Stored data
section \<open>Matrices and characteristic polynomials\<close>

lemma poly_det: "poly (det A) x = det (\<chi> i j. poly (A $ i $ j) x)"
  unfolding det_def by (simp add: poly_sum poly_prod)

lemma poly_charpoly: "poly (charpoly M) x = det (mat x - M)"
  unfolding charpoly_def poly_det
  by (rule arg_cong[where f = det]) (simp add: vec_eq_iff mat_def)

lemma mat_mult_vector: "mat c *v y = c *s (y :: 'a::comm_semiring_1 ^ 'n)"
  by (simp add: vec_eq_iff matrix_vector_mult_def mat_def if_distrib[of "\<lambda>t. t * _"] cong: if_cong)

lemma det_eq_0_iff_ker: "det A = 0 \<longleftrightarrow> (\<exists>y. y \<noteq> 0 \<and> A *v y = (0 :: real ^ 'n))"
  using invertible_det_nz[of A] invertible_left_inverse[of A] matrix_left_invertible_ker[of A]
  by blast

lemma charpoly_root_iff_eigenvector:
  "poly (charpoly M) l = 0 \<longleftrightarrow> (\<exists>y. y \<noteq> 0 \<and> M *v y = l *s y)"
  unfolding poly_charpoly det_eq_0_iff_ker matrix_vector_mult_diff_rdistrib mat_mult_vector
  by (simp add: eq_commute[of "M *v _"])

lemma sum_matrix_vector_mult:
  assumes "\<And>c. (\<Sum>j\<in>UNIV. M $ j $ c) = a"
  shows "(\<Sum>i\<in>UNIV. (M *v y) $ i) = a * (\<Sum>i\<in>UNIV. y $ i)"
  unfolding matrix_vector_mult_def
  by (simp add: sum.swap[of _ UNIV] sum_distrib_left sum_distrib_right[symmetric] assms mult.commute)

lemma det_row_replace_by_sum_rows:
  "det (\<chi> i. if i = k then (\<Sum>j\<in>UNIV. row j A) else row i A) = det (A :: 'a::comm_ring_1 ^ 'n ^ 'n)"
proof -
  have "det (\<chi> i. if i = k then (\<Sum>j\<in>UNIV. row j A) else row i A) =
        (\<Sum>j\<in>UNIV. det (\<chi> i. if i = k then row j A else row i A))"
    by (rule det_linear_row_sum) simp
  also have "\<dots> = (\<Sum>j\<in>UNIV. if j = k then det A else 0)"
  proof (rule sum.cong[OF refl])
    fix j
    show "det (\<chi> i. if i = k then row j A else row i A) = (if j = k then det A else 0)"
    proof (cases "j = k")
      case True
      have "(\<chi> i. if i = k then row j A else row i A) = A"
        using True by (simp add: vec_eq_iff row_def)
      with True show ?thesis by simp
    next
      case False
      then show ?thesis
        by (simp add: det_identical_rows[of k j] row_def vec_eq_iff)
    qed
  qed
  finally show ?thesis by simp
qed

definition charmat :: "real ^ 'n ^ 'n \<Rightarrow> real poly ^ 'n ^ 'n" where
  "charmat M = (\<chi> i j. (if i = j then [:0, 1:] else 0) - [:M $ i $ j:])"

text \<open>If every column of \<open>M\<close> sums to \<open>a\<close>, adding all rows of \<open>x I - M\<close> to row \<open>k\<close>
  turns it into \<open>(x - a)\<close> times the all-ones row.\<close>
lemma charpoly_eq_linear_mult:
  assumes "\<And>c. (\<Sum>j\<in>UNIV. M $ j $ c) = a"
  shows "charpoly M = [:- a, 1:] * det (\<chi> i. if i = k then vec 1 else row i (charmat M))"
proof -
  have colsum: "(\<Sum>j\<in>UNIV. row j (charmat M)) = [:- a, 1:] *s vec 1"
  proof (rule iffD2[OF vec_eq_iff], rule allI)
    fix c
    have "(\<Sum>j\<in>UNIV. row j (charmat M)) $ c = [:0, 1:] - (\<Sum>j\<in>UNIV. [:M $ j $ c:])"
      by (simp add: sum_component row_def charmat_def sum_subtractf)
    also have "(\<Sum>j\<in>UNIV. [:M $ j $ c:]) = [:a:]"
      by (simp only: sum_to_poly assms)
    finally show "(\<Sum>j\<in>UNIV. row j (charmat M)) $ c = ([:- a, 1:] *s vec 1) $ c" by simp
  qed
  have "charpoly M = det (\<chi> i. if i = k then (\<Sum>j\<in>UNIV. row j (charmat M)) else row i (charmat M))"
    unfolding det_row_replace_by_sum_rows charpoly_def charmat_def ..
  also have "\<dots> = det (\<chi> i. if i = k then [:- a, 1:] *s vec 1 else row i (charmat M))"
    unfolding colsum ..
  also have "\<dots> = [:- a, 1:] * det (\<chi> i. if i = k then vec 1 else row i (charmat M))"
    by (rule det_row_mul)
  finally show ?thesis .
qed

lemma poly_det_charmat_ones_row_neq_0:
  fixes M :: "real ^ 'n ^ 'n"
  assumes colsum: "\<And>c. (\<Sum>j\<in>UNIV. M $ j $ c) = a"
    and no_perp: "\<And>y. M *v y = a *s y \<Longrightarrow> (\<Sum>i\<in>UNIV. y $ i) = 0 \<Longrightarrow> y = 0"
  shows "poly (det (\<chi> i. if i = k then vec 1 else row i (charmat M))) a \<noteq> 0"
proof
  let ?R = "(\<chi> i. if i = k then vec 1 else row i (mat a - M)) :: real ^ 'n ^ 'n"
  assume "poly (det (\<chi> i. if i = k then vec 1 else row i (charmat M))) a = 0"
  moreover have "poly (det (\<chi> i. if i = k then vec 1 else row i (charmat M))) a = det ?R"
    unfolding poly_det
    by (rule arg_cong[where f = det]) (simp add: vec_eq_iff row_def charmat_def mat_def)
  ultimately obtain y where y: "y \<noteq> 0" "?R *v y = 0" using det_eq_0_iff_ker by metis
  have "(?R *v y) $ k = (\<Sum>i\<in>UNIV. y $ i)" by (simp add: matrix_vector_mult_def)
  then have sum_y: "(\<Sum>i\<in>UNIV. y $ i) = 0" using y(2) by simp
  have rows: "(M *v y) $ i = a * y $ i" if "i \<noteq> k" for i
  proof -
    have "(?R *v y) $ i = ((mat a - M) *v y) $ i"
      using that by (simp add: matrix_vector_mult_def row_def)
    then show ?thesis
      using y(2) by (simp add: matrix_vector_mult_diff_rdistrib mat_mult_vector)
  qed
  have "0 = (\<Sum>i\<in>UNIV. (M *v y) $ i)" using sum_y by (simp add: sum_matrix_vector_mult[OF colsum])
  also have "\<dots> = (M *v y) $ k + (\<Sum>i\<in>UNIV - {k}. (M *v y) $ i)" by (rule sum.remove) simp_all
  also have "(\<Sum>i\<in>UNIV - {k}. (M *v y) $ i) = a * ((\<Sum>i\<in>UNIV. y $ i) - y $ k)"
    by (simp add: rows sum_distrib_left[symmetric] sum_diff1)
  finally have row_k: "(M *v y) $ k = a * y $ k" using sum_y by simp
  have "M *v y = a *s y"
    unfolding vec_eq_iff by (metis row_k rows vector_smult_component)
  with y(1) sum_y no_perp show False by blast
qed

lemma count_proots_charpoly_eq_1:
  fixes M :: "real ^ 'n ^ 'n"
  assumes colsum: "\<And>c. (\<Sum>j\<in>UNIV. M $ j $ c) = a"
    and no_perp: "\<And>y. M *v y = a *s y \<Longrightarrow> (\<Sum>i\<in>UNIV. y $ i) = 0 \<Longrightarrow> y = 0"
  shows "count (proots (charpoly M)) a = 1"
proof -
  fix k :: 'n
  define G where "G = det (\<chi> i. if i = k then vec 1 else row i (charmat M))"
  have factor: "charpoly M = [:- a, 1:] * G"
    unfolding G_def by (rule charpoly_eq_linear_mult[OF colsum])
  have "poly G a \<noteq> 0"
    unfolding G_def by (rule poly_det_charmat_ones_row_neq_0[OF colsum no_perp])
  then have "G \<noteq> 0" and order_G: "order a G = 0" by (auto intro: order_0I)
  then have nonzero: "[:- a, 1:] * G \<noteq> 0" by (metis mult_eq_0_iff pCons_eq_0_iff zero_neq_one)
  have order_linear: "order a [:- a, 1:] = 1"
    using order_power_n_n[of a 1] by (simp only: power_one_right)
  show ?thesis
    unfolding factor count_proots[OF nonzero] order_mult[OF nonzero] order_linear order_G by simp
qed

lemma second_eigenvalue_le:
  fixes M :: "real ^ 'n ^ 'n"
  assumes roots: "\<And>l. poly (charpoly M) l = 0 \<Longrightarrow> l = a \<or> \<bar>l\<bar> \<le> B"
    and simple: "B < a \<Longrightarrow> count (proots (charpoly M)) a \<le> 1"
    and two_roots: "poly (charpoly M) b = 0" "poly (charpoly M) b' = 0" "b \<noteq> b'"
    and nonneg: "0 \<le> a" "0 \<le> B"
  shows "second_eigenvalue M \<le> B"
proof -
  define L where "L = eigenvalues_desc M"
  have "charpoly M \<noteq> 0"
  proof
    assume "charpoly M = 0"
    then show False using roots[of "a + B + 1"] nonneg by simp
  qed
  then have set_L: "set L = {l. poly (charpoly M) l = 0}" and mset_L: "mset L = proots (charpoly M)"
    unfolding L_def eigenvalues_desc_def by simp_all
  have sorted: "sorted_wrt (\<ge>) L"
    unfolding L_def eigenvalues_desc_def by (simp add: sorted_wrt_rev)
  have root_L: "x = a \<or> \<bar>x\<bar> \<le> B" if "x \<in> set L" for x
    using roots that set_L by blast
  have "2 \<le> length L"
  proof -
    have "{b, b'} \<subseteq> set L" using set_L two_roots by auto
    then have "card {b, b'} \<le> card (set L)" by (intro card_mono) simp_all
    then show ?thesis using two_roots(3) card_length[of L] by simp
  qed
  then obtain x0 x1 xs where L: "L = x0 # x1 # xs" by (auto simp: numeral_2_eq_2 Suc_le_length_iff)
  have "x1 \<le> B"
  proof (rule ccontr)
    assume "\<not> x1 \<le> B"
    then have "x1 = a" "B < a" using root_L[of x1] L by auto
    moreover have "x1 \<le> x0" using sorted L by simp
    ultimately have "x0 = a" using root_L[of x0] L by auto
    then have "2 \<le> count (mset L) a" using \<open>x1 = a\<close> L by simp
    then show False using simple \<open>B < a\<close> mset_L by simp
  qed
  moreover have "- last L \<le> B"
    using root_L[of "last L"] L nonneg by (cases "last L = a") auto
  ultimately show ?thesis
    unfolding second_eigenvalue_def L_def[symmetric] L by simp
qed

lemma sum_sq_matrix_vector_mult:
  fixes A :: "real ^ 'n ^ 'm"
  shows "(\<Sum>u\<in>UNIV. ((A *v y) $ u)\<^sup>2) =
    (\<Sum>w\<in>UNIV. \<Sum>w'\<in>UNIV. y $ w * y $ w' * (\<Sum>u\<in>UNIV. A $ u $ w * A $ u $ w'))"
proof -
  have "(\<Sum>u\<in>UNIV. ((A *v y) $ u)\<^sup>2) =
      (\<Sum>u\<in>UNIV. \<Sum>w\<in>UNIV. \<Sum>w'\<in>UNIV. (A $ u $ w * y $ w) * (A $ u $ w' * y $ w'))"
    by (simp add: matrix_vector_mult_def power2_eq_square sum_product)
  also have "\<dots> = (\<Sum>w\<in>UNIV. \<Sum>w'\<in>UNIV. \<Sum>u\<in>UNIV. (A $ u $ w * y $ w) * (A $ u $ w' * y $ w'))"
    by (subst sum.swap, subst (2) sum.swap) (rule refl)
  also have "\<dots> = (\<Sum>w\<in>UNIV. \<Sum>w'\<in>UNIV. y $ w * y $ w' * (\<Sum>u\<in>UNIV. A $ u $ w * A $ u $ w'))"
    unfolding sum_distrib_left by (intro sum.cong refl) (simp add: mult_ac)
  finally show ?thesis .
qed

__WHAT IS BEING ASKED__: Your task is to find each line in the entries that contains the string "obtain" and copy it.

__TASK SOLUTION__:
  ultimately obtain y where y: "y \<noteq> 0" "?R *v y = 0" using det_eq_0_iff_ker by metis
  then obtain x0 x1 xs where L: "L = x0 # x1 # xs" by (auto simp: numeral_2_eq_2 Suc_le_length_iff)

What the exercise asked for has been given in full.